After refreshments in Helmsley – “read into that what you will” – the party left on the Rievaulx road.

“Stand up, look over the wall and tell Mr Bowman you’ve seen Rievaulx Abbey,” the demob mob were instructed.

They spent the rest of the day by the sea – sampling, as Pete perhaps euphemistically puts it, the delights of the Queen of the Yorkshire Coast.

BOTH Phil Steele in Crook and John Vasey in France remember that the Royal Show group disgorged at West Jesmond station. We’d been steam hauled by a V2, says Phil, but a “snotty first year” at the time.

“We didn’t fancy a load of tractors very much, but a trip to Newcastle was wonderful for a fanatical train spotter like me.”

John remembers two separate queues – male and female crocodiles.

“The thing that really sticks in my mind, however, is the first sighting of a colour television. It was experimental, and I remember it being a bit wishy-washy.”

The memory, of course, is strictly black and white – but maybe more about colour telly next week.

THE same note acknowledged Denis Weatherley, the Bishop Auckland headmaster, a wonderful singer and (as later I learned) a great man.

It was Denis, encountered in Darlington in 1997, to whom I’d suggested that he looked well. “There are three ages of man,” he replied.

“Youth, middle age and ‘By God you do look well’.”

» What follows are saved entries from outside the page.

(* Let $f:[-1,1]\to\mathbb{R}$ be continuous, let $n\geq 0$, and let $\underline{c}=(c_0,\ldots,c_n)^\top\in\mathbb{R}^{n+1}$. Define $L[\underline{c}]=(\mu_0,\ldots,\mu_n)^\top$ by \[ \mu_i=\int_{-1}^1\operatorname{sign}\!\Big(f(x)-\sum_{j=0}^n c_jU_j(x)\Big)U_i(x)\,dx,\qquad 0\leq i\leq n. \] If $M:=\tfrac{2}{\pi}(n+2)^2\max_{0\leq i\leq n}|\mu_i|<1$, then \[ \Big\|f-\sum_{j=0}^n c_jU_j\Big\|_1\leq\frac{1}{1-M}\,\|f-p_n^{L_1}\|_1, \] where $p_n^{L_1}$ is the best $L_1$ polynomial approximant of degree $\leq n$ to $f$.
   Context: $U_j$ is the Chebyshev polynomial of the second kind of degree $j$. $\operatorname{sign}(y)$ equals $1$ for $y>0$, $0$ for $y=0$, $-1$ for $y<0$. $\|g\|_1=\int_{-1}^1|g(x)|\,dx$, and $p_n^{L_1}$ is the (unique) real polynomial of degree $\leq n$ minimizing $\|f-q\|_1$. *)

theory Defs
  imports "HOL-Analysis.Analysis" "HOL-Computational_Algebra.Polynomial"
begin

fun chebU :: "nat \<Rightarrow> real \<Rightarrow> real" where
  "chebU 0 x = 1"
| "chebU (Suc 0) x = 2 * x"
| "chebU (Suc (Suc j)) x = 2 * x * chebU (Suc j) x - chebU j x"

definition L1norm :: "(real \<Rightarrow> real) \<Rightarrow> real" where
  "L1norm g = integral {-1..1} (\<lambda>x. \<bar>g x\<bar>)"

definition chebU_sum :: "nat \<Rightarrow> (nat \<Rightarrow> real) \<Rightarrow> real \<Rightarrow> real" where
  "chebU_sum n c x = (\<Sum>j\<le>n. c j * chebU j x)"
definition B0_edge :: "nat \<Rightarrow> (nat set \<Rightarrow> real) \<Rightarrow> nat set \<Rightarrow> nat set \<Rightarrow> bool" where
  "B0_edge d f x y \<longleftrightarrow> x \<in> cube d \<and> y \<in> cube d \<and> VS f x y > 0"

definition vertex_cover_B0 :: "nat \<Rightarrow> (nat set \<Rightarrow> real) \<Rightarrow> nat set set \<Rightarrow> bool" where
  "vertex_cover_B0 d f C \<longleftrightarrow> C \<subseteq> cube d \<and>
     (\<forall>x y. B0_edge d f x y \<longrightarrow> x \<in> C \<or> y \<in> C)"

definition min_vertex_cover_B0 :: "nat \<Rightarrow> (nat set \<Rightarrow> real) \<Rightarrow> nat set set \<Rightarrow> bool" where
  "min_vertex_cover_B0 d f C \<longleftrightarrow> vertex_cover_B0 d f C \<and>
     (\<forall>C'. vertex_cover_B0 d f C' \<longrightarrow> card C \<le> card C')"

definition eps_mass :: "nat \<Rightarrow> (nat set \<Rightarrow> real) \<Rightarrow> nat set set \<Rightarrow> real set \<Rightarrow> real" where
  "eps_mass d f C J = real (card {x\<in>C. f x \<in> J}) / 2 ^ d"

definition prob_outside :: "nat \<Rightarrow> (nat set \<Rightarrow> real) \<Rightarrow> real set \<Rightarrow> real" where
  "prob_outside d f I = real (card {x\<in>cube d. f x \<notin> I}) / 2 ^ d"

end

theory Submission
  imports Defs "HOL-Probability.Hoeffding"
begin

It was Denis who died a few weeks later while singing Swing Low Sweet Chariot in his son’s choir. They’d just got to the line about coming for to carry me home.

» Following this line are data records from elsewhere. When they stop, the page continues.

(* Given a c.e. transitive relation $\prec$ on $\omega$ and a c.e. set $U\subseteq\omega$, one can effectively obtain (uniformly in indices for $\prec$ and $U$) a c.e. transitive relation $\sqsubset$ on $\omega$ such that $\mathcal{I}(\sqsubset)$ is computably homeomorphic to the effective space obtained from $\mathcal{I}(\prec)$ by adding the set $A=\{I\in\mathcal{I}(\prec)\mid (\forall x\in U)\, x\notin I\}$ as a c.e. open set to its topology.
   Context: For a transitive relation $\prec$ on $\omega$, an ideal is a non-empty set $I\subseteq\omega$ which is a lower set ($b\prec a\in I\Rightarrow b\in I$) and directed (for $a,b\in I$ there is $c\in I$ with $a\prec c$, $b\prec c$). $\mathcal{I}(\prec)$ is the space of all ideals with topology generated by $[n]_\prec=\{I\mid n\in I\}$, an effective space with base numbering $n\mapsto[n]_\prec$. Adding $A$ as a c.e. open set means taking the topology generated by the sets $[n]_\prec$ together with $A$, with the effective base consisting of the sets $[n]_\prec$ and $A\cap[n]_\prec$. Effective spaces are countably based $T_0$ spaces with a numbered base whose pairwise intersections are uniformly c.e. unions of basic sets; a map is computable if preimages of basic open sets are uniformly c.e. unions of basic open sets, and a computable homeomorphism is a homeomorphism computable in both directions. *)

theory Defs
  imports Main "HOL-Library.Nat_Bijection"
begin

datatype recf = Z | S | Proj nat | Cn recf "recf list" | Pr recf recf | Mn recf

inductive eval :: "recf \<Rightarrow> nat list \<Rightarrow> nat \<Rightarrow> bool" where
  eval_Z: "eval Z xs 0"
| eval_S: "eval S (x # xs) (Suc x)"
| eval_Proj: "i < length xs \<Longrightarrow> eval (Proj i) xs (xs ! i)"
| eval_Cn: "list_all2 (\<lambda>g y. eval g xs y) gs ys \<Longrightarrow> eval f ys z \<Longrightarrow> eval (Cn f gs) xs z"
| eval_Pr0: "eval f xs y \<Longrightarrow> eval (Pr f g) (0 # xs) y"
| eval_PrS: "eval (Pr f g) (n # xs) y \<Longrightarrow> eval g (n # y # xs) z \<Longrightarrow> eval (Pr f g) (Suc n # xs) z"
| eval_Mn: "eval f (n # xs) 0 \<Longrightarrow> (\<forall>m<n. \<exists>y. eval f (m # xs) (Suc y)) \<Longrightarrow> eval (Mn f) xs n"
monos list_all2_mono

Mary Hawgood in Durham recalls singing with him in the Palatine Opera Group – “a brilliant principal, his wit and unflappable humour made rehearsals a joy” – and the “truly memorable” last night parties hosted by Denis and his wife Eleanor.

Since Mary is also a former mayor of Durham, we’ve asked if the Bishop boys are forgiven for depositing so much agricultural waste over her serene city.

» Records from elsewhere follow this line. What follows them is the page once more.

lemma DA_eq_clifford_sum: "DA e mu S = clifford_sum e S (dunkl mu)"
  by (simp add: DA_def cl_def clifford_sum_def fun_eq_iff)

lemma XA_eq_clifford_sum: "XA e S = clifford_sum e S mulx"
  by (simp add: XA_def cl_def clifford_sum_def fun_eq_iff)

lemma clifford_sum_split:
  "finite T \<Longrightarrow> A \<subseteq> T \<Longrightarrow>
    clifford_sum e T P F = clifford_sum e A P F + clifford_sum e (T - A) P F"
  by (simp add: clifford_sum_def fun_eq_iff sum.subset_diff[of A T] add.commute)

lemma DA_split: "finite T \<Longrightarrow> A \<subseteq> T \<Longrightarrow> DA e mu T F = DA e mu A F + DA e mu (T - A) F"
  unfolding DA_eq_clifford_sum by (rule clifford_sum_split)

lemma XA_split: "finite T \<Longrightarrow> A \<subseteq> T \<Longrightarrow> XA e T F = XA e A F + XA e (T - A) F"
  unfolding XA_eq_clifford_sum by (rule clifford_sum_split)

locale clifford =
  fixes n :: nat and e :: "nat \<Rightarrow> 'v::real_vector \<Rightarrow> 'v"
  assumes clifford_module: "clifford_module n e"
begin

lemma linear_e: "i \<in> {1..n} \<Longrightarrow> linear (e i)"
  using clifford_module by (simp add: clifford_module_def)

lemma e_anticommute:
  "i \<in> {1..n} \<Longrightarrow> j \<in> {1..n} \<Longrightarrow> e i (e j v) + e j (e i v) = (if i = j then - 2 *\<^sub>R v else 0)"
  using clifford_module unfolding clifford_module_def by blast

lemma e_sum: "i \<in> {1..n} \<Longrightarrow> e i (\<Sum>j\<in>S. f j) = (\<Sum>j\<in>S. e i (f j))"
  by (rule linear_sum[OF linear_e])

lemma clifford_double_sum_symmetric:
  assumes S: "S \<subseteq> {1..n}" and sym: "\<And>k j. k \<in> S \<Longrightarrow> j \<in> S \<Longrightarrow> v k j = v j k"
  shows "(\<Sum>k\<in>S. \<Sum>j\<in>S. e k (e j (v k j))) = - (\<Sum>k\<in>S. v k k)"
proof -
  have fin: "finite S" using S finite_subset by blast
  define w where "w = (\<Sum>k\<in>S. \<Sum>j\<in>S. e k (e j (v k j)))"
  have swap: "w = (\<Sum>k\<in>S. \<Sum>j\<in>S. e j (e k (v k j)))"
    unfolding w_def by (subst sum.swap) (intro sum.cong refl, simp add: sym)
  have "w + w = (\<Sum>k\<in>S. \<Sum>j\<in>S. e k (e j (v k j)) + e j (e k (v k j)))"
    by (subst (2) swap) (simp add: w_def sum.distrib)
  also have "\<dots> = (\<Sum>k\<in>S. \<Sum>j\<in>S. if k = j then - 2 *\<^sub>R v k j else 0)"
    using S by (intro sum.cong refl e_anticommute) auto
  also have "\<dots> = (- 2) *\<^sub>R (\<Sum>k\<in>S. v k k)"
    using fin by (simp add: scaleR_sum_right)
  finally have "w + w = (- 2) *\<^sub>R (\<Sum>k\<in>S. v k k)" .
  then show ?thesis
    unfolding w_def[symmetric] by (simp flip: scaleR_2 scaleR_minus_right)
qed

lemma clifford_double_sum_disjoint:
  assumes S: "S \<subseteq> {1..n}" and B: "B \<subseteq> {1..n}" and disj: "S \<inter> B = {}"
  shows "(\<Sum>i\<in>S. \<Sum>k\<in>B. e i (e k (v i k))) = - (\<Sum>k\<in>B. \<Sum>i\<in>S. e k (e i (v i k)))"
proof -
  have "e k (e i (v i k)) = - e i (e k (v i k))" if "i \<in> S" "k \<in> B" for i k
  proof -
    have "i \<noteq> k" "i \<in> {1..n}" "k \<in> {1..n}" using that S B disj by auto
    then show ?thesis using e_anticommute[of i k "v i k"] by (simp add: eq_neg_iff_add_eq_0 add.commute)
  qed
  then show ?thesis
    by (subst sum.swap) (simp add: sum_negf)
qed

text \<open>Operators acting on the polynomial factor only.\<close>

definition scalar_op :: "'v pvop \<Rightarrow> bool" where
  "scalar_op Q \<longleftrightarrow> pv_linear Q \<and> (\<forall>j\<in>{1..n}. \<forall>G. Q (cl e j G) = cl e j (Q G))"

lemma scalar_op_compose: "scalar_op P \<Longrightarrow> scalar_op Q \<Longrightarrow> scalar_op (\<lambda>G. P (Q G))"
  by (simp add: scalar_op_def pv_linear_compose)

Sadly, ominously, there hasn’t been a reply.

FINALLY, back to church magazines and the Reverend Barry Pyke, vicar of the Mulgrave group of parishes near Whitby, is commendably brief in his August letter.

Barry simply tells the story, said to have been related during a clergy retreat, of the surgeon, the civil engineer and the politician discussing which of the three professions was the oldest. The surgeon claims seniority because when God created woman, he took his scalpel to remove a rib from Adam to make Eve.

The engineer retorts. “When God divided the Chaos into Earth and Sea, that must have been the first and greatest civil engineering project of all time.”

The politician says he can beat both of them.

“Who do you think created the Chaos in the first place?”